- **ABOUT THIS EXERCISE**
Write out the full listing exactly.
== RECORDS FOR THIS EXERCISE ==
definition Dcost :: "('i, 'o, 'l, 'a) cmg \<Rightarrow> (('i \<Rightarrow> 'o) \<Rightarrow> 'i set pmf)
    \<Rightarrow> (('i, 'o, 'l) jstate \<Rightarrow> ('i \<Rightarrow> 'a) pmf) \<Rightarrow> ('i, 'o, 'l) jstate set \<Rightarrow> ereal" where
  "Dcost G pc pa T =
     enn2ereal ((\<Sum>i\<in>agents G. Gi G pc pa T i) + (\<Sum>c\<in>comm_acts G. Gc G pc pa T c))
     - ereal (\<Sum>t. Hent G pa T (Suc t))"

end

theory Submission
  imports Defs
begin

(* Truncate both stopped processes at a horizon n: they become sub-probability weights P, Q on
   histories of length at most n, and the difference of the probabilities of any event is at most
   sqrt (1 - BC^2), BC being the Bhattacharyya coefficient sum sqrt (P h * Q h).
   On every step the full process can take, the restricted kernel dominates p * exp (- g), where
   g is the log-ratio of the full kernel p to the geometric mean, weighted by the communication
   policy, of the factored kernels q (Jensen for exp).  By induction on n this gives
   BC >= exp (- K_n / 2), K_n the expected cumulated g.  Taking conditional expectations step by
   step, K_n is the n-th partial sum of sum_i G^i + sum_c G^c - sum_t H_t, and n -> infinity yields
   the bound with D. *)

section \<open>Stopped processes driven by a time-dependent kernel\<close>

primrec path_weight :: "(nat \<Rightarrow> 's \<Rightarrow> 'b \<times> 's \<Rightarrow> real) \<Rightarrow> 's set \<Rightarrow> nat \<Rightarrow> 's
    \<Rightarrow> ('b \<times> 's) list \<Rightarrow> real" where
  "path_weight k T t s [] = 1"
| "path_weight k T t s (x # h) =
     (if s \<in> T then 0 else k t s x * path_weight k T (Suc t) (snd x) h)"

definition final_state :: "'s \<Rightarrow> ('b \<times> 's) list \<Rightarrow> 's" where
  "final_state s h = (if h = [] then s else snd (last h))"

lemma final_state_Nil [simp]: "final_state s [] = s"
  by (simp add: final_state_def)

lemma final_state_Cons [simp]: "final_state s (x # h) = final_state (snd x) h"
  by (simp add: final_state_def)

lemma final_state_snoc [simp]: "final_state s (h @ [x]) = snd x"
  by (simp add: final_state_def)

lemma path_weight_nonneg: "(\<And>t s x. k t s x \<ge> 0) \<Longrightarrow> path_weight k T t s h \<ge> 0"
  by (induction h arbitrary: t s) auto

lemma path_weight_snoc:
  "path_weight k T t s (h @ [x]) = path_weight k T t s h *
     (if final_state s h \<in> T then 0 else k (t + length h) (final_state s h) x)"
  by (induction h arbitrary: t s) (auto simp: final_state_def)

definition lists_of_len :: "'x set \<Rightarrow> nat \<Rightarrow> 'x list set" where
  "lists_of_len X n = {h. length h = n \<and> set h \<subseteq> X}"

definition lists_upto :: "'x set \<Rightarrow> nat \<Rightarrow> 'x list set" where
  "lists_upto X n = {h. length h \<le> n \<and> set h \<subseteq> X}"

lemma finite_lists_of_len: "finite X \<Longrightarrow> finite (lists_of_len X n)"
  unfolding lists_of_len_def using finite_lists_length_eq[of X n] by (simp add: conj_commute)

lemma finite_lists_upto: "finite X \<Longrightarrow> finite (lists_upto X n)"
  unfolding lists_upto_def using finite_lists_length_le[of X n] by (simp add: conj_commute)

lemma lists_of_len_0 [simp]: "lists_of_len X 0 = {[]}"
  by (auto simp: lists_of_len_def)

lemma lists_upto_0 [simp]: "lists_upto X 0 = {[]}"
  by (auto simp: lists_upto_def)

lemma lists_upto_eq_UN: "lists_upto X n = (\<Union>k<Suc n. lists_of_len X k)"
  by (auto simp: lists_upto_def lists_of_len_def)

lemma sum_lists_of_len_Suc:
  assumes "finite X"
  shows "(\<Sum>h\<in>lists_of_len X (Suc n). f h) = (\<Sum>x\<in>X. \<Sum>h\<in>lists_of_len X n. f (x # h))"
proof -
  have "lists_of_len X (Suc n) = (\<lambda>(x, h). x # h) ` (X \<times> lists_of_len X n)"
    by (auto simp: lists_of_len_def length_Suc_conv image_iff)
  moreover have "inj_on (\<lambda>(x, h). x # h) (X \<times> lists_of_len X n)"
    by (auto simp: inj_on_def)
  ultimately show ?thesis
    by (simp only: sum.reindex) (simp add: sum.cartesian_product case_prod_beta)
qed

lemma sum_lists_of_len_Suc_snoc:
  assumes "finite X"
  shows "(\<Sum>h\<in>lists_of_len X (Suc n). f h) = (\<Sum>h\<in>lists_of_len X n. \<Sum>x\<in>X. f (h @ [x]))"
proof -
  have "lists_of_len X (Suc n) = (\<lambda>(h, x). h @ [x]) ` (lists_of_len X n \<times> X)"
  proof (intro equalityI subsetI)
    fix h assume "h \<in> lists_of_len X (Suc n)"
    then show "h \<in> (\<lambda>(h, x). h @ [x]) ` (lists_of_len X n \<times> X)"
      by (cases h rule: rev_cases) (auto simp: lists_of_len_def image_iff)
  qed (auto simp: lists_of_len_def)
  moreover have "inj_on (\<lambda>(h, x). h @ [x]) (lists_of_len X n \<times> X)"
    by (auto simp: inj_on_def)
  ultimately show ?thesis
    by (simp only: sum.reindex) (simp add: sum.cartesian_product case_prod_beta)
qed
===
- **ANSWER SECTION**
definition Dcost :: "('i, 'o, 'l, 'a) cmg \<Rightarrow> (('i \<Rightarrow> 'o) \<Rightarrow> 'i set pmf)
    \<Rightarrow> (('i, 'o, 'l) jstate \<Rightarrow> ('i \<Rightarrow> 'a) pmf) \<Rightarrow> ('i, 'o, 'l) jstate set \<Rightarrow> ereal" where
  "Dcost G pc pa T =
     enn2ereal ((\<Sum>i\<in>agents G. Gi G pc pa T i) + (\<Sum>c\<in>comm_acts G. Gc G pc pa T c))
     - ereal (\<Sum>t. Hent G pa T (Suc t))"

end

theory Submission
  imports Defs
begin

(* Truncate both stopped processes at a horizon n: they become sub-probability weights P, Q on
   histories of length at most n, and the difference of the probabilities of any event is at most
   sqrt (1 - BC^2), BC being the Bhattacharyya coefficient sum sqrt (P h * Q h).
   On every step the full process can take, the restricted kernel dominates p * exp (- g), where
   g is the log-ratio of the full kernel p to the geometric mean, weighted by the communication
   policy, of the factored kernels q (Jensen for exp).  By induction on n this gives
   BC >= exp (- K_n / 2), K_n the expected cumulated g.  Taking conditional expectations step by
   step, K_n is the n-th partial sum of sum_i G^i + sum_c G^c - sum_t H_t, and n -> infinity yields
   the bound with D. *)

section \<open>Stopped processes driven by a time-dependent kernel\<close>

primrec path_weight :: "(nat \<Rightarrow> 's \<Rightarrow> 'b \<times> 's \<Rightarrow> real) \<Rightarrow> 's set \<Rightarrow> nat \<Rightarrow> 's
    \<Rightarrow> ('b \<times> 's) list \<Rightarrow> real" where
  "path_weight k T t s [] = 1"
| "path_weight k T t s (x # h) =
     (if s \<in> T then 0 else k t s x * path_weight k T (Suc t) (snd x) h)"

definition final_state :: "'s \<Rightarrow> ('b \<times> 's) list \<Rightarrow> 's" where
  "final_state s h = (if h = [] then s else snd (last h))"

lemma final_state_Nil [simp]: "final_state s [] = s"
  by (simp add: final_state_def)

lemma final_state_Cons [simp]: "final_state s (x # h) = final_state (snd x) h"
  by (simp add: final_state_def)

lemma final_state_snoc [simp]: "final_state s (h @ [x]) = snd x"
  by (simp add: final_state_def)

lemma path_weight_nonneg: "(\<And>t s x. k t s x \<ge> 0) \<Longrightarrow> path_weight k T t s h \<ge> 0"
  by (induction h arbitrary: t s) auto

lemma path_weight_snoc:
  "path_weight k T t s (h @ [x]) = path_weight k T t s h *
     (if final_state s h \<in> T then 0 else k (t + length h) (final_state s h) x)"
  by (induction h arbitrary: t s) (auto simp: final_state_def)

definition lists_of_len :: "'x set \<Rightarrow> nat \<Rightarrow> 'x list set" where
  "lists_of_len X n = {h. length h = n \<and> set h \<subseteq> X}"

definition lists_upto :: "'x set \<Rightarrow> nat \<Rightarrow> 'x list set" where
  "lists_upto X n = {h. length h \<le> n \<and> set h \<subseteq> X}"

lemma finite_lists_of_len: "finite X \<Longrightarrow> finite (lists_of_len X n)"
  unfolding lists_of_len_def using finite_lists_length_eq[of X n] by (simp add: conj_commute)

lemma finite_lists_upto: "finite X \<Longrightarrow> finite (lists_upto X n)"
  unfolding lists_upto_def using finite_lists_length_le[of X n] by (simp add: conj_commute)

lemma lists_of_len_0 [simp]: "lists_of_len X 0 = {[]}"
  by (auto simp: lists_of_len_def)

lemma lists_upto_0 [simp]: "lists_upto X 0 = {[]}"
  by (auto simp: lists_upto_def)

lemma lists_upto_eq_UN: "lists_upto X n = (\<Union>k<Suc n. lists_of_len X k)"
  by (auto simp: lists_upto_def lists_of_len_def)

lemma sum_lists_of_len_Suc:
  assumes "finite X"
  shows "(\<Sum>h\<in>lists_of_len X (Suc n). f h) = (\<Sum>x\<in>X. \<Sum>h\<in>lists_of_len X n. f (x # h))"
proof -
  have "lists_of_len X (Suc n) = (\<lambda>(x, h). x # h) ` (X \<times> lists_of_len X n)"
    by (auto simp: lists_of_len_def length_Suc_conv image_iff)
  moreover have "inj_on (\<lambda>(x, h). x # h) (X \<times> lists_of_len X n)"
    by (auto simp: inj_on_def)
  ultimately show ?thesis
    by (simp only: sum.reindex) (simp add: sum.cartesian_product case_prod_beta)
qed

lemma sum_lists_of_len_Suc_snoc:
  assumes "finite X"
  shows "(\<Sum>h\<in>lists_of_len X (Suc n). f h) = (\<Sum>h\<in>lists_of_len X n. \<Sum>x\<in>X. f (h @ [x]))"
proof -
  have "lists_of_len X (Suc n) = (\<lambda>(h, x). h @ [x]) ` (lists_of_len X n \<times> X)"
  proof (intro equalityI subsetI)
    fix h assume "h \<in> lists_of_len X (Suc n)"
    then show "h \<in> (\<lambda>(h, x). h @ [x]) ` (lists_of_len X n \<times> X)"
      by (cases h rule: rev_cases) (auto simp: lists_of_len_def image_iff)
  qed (auto simp: lists_of_len_def)
  moreover have "inj_on (\<lambda>(h, x). h @ [x]) (lists_of_len X n \<times> X)"
    by (auto simp: inj_on_def)
  ultimately show ?thesis
    by (simp only: sum.reindex) (simp add: sum.cartesian_product case_prod_beta)
qed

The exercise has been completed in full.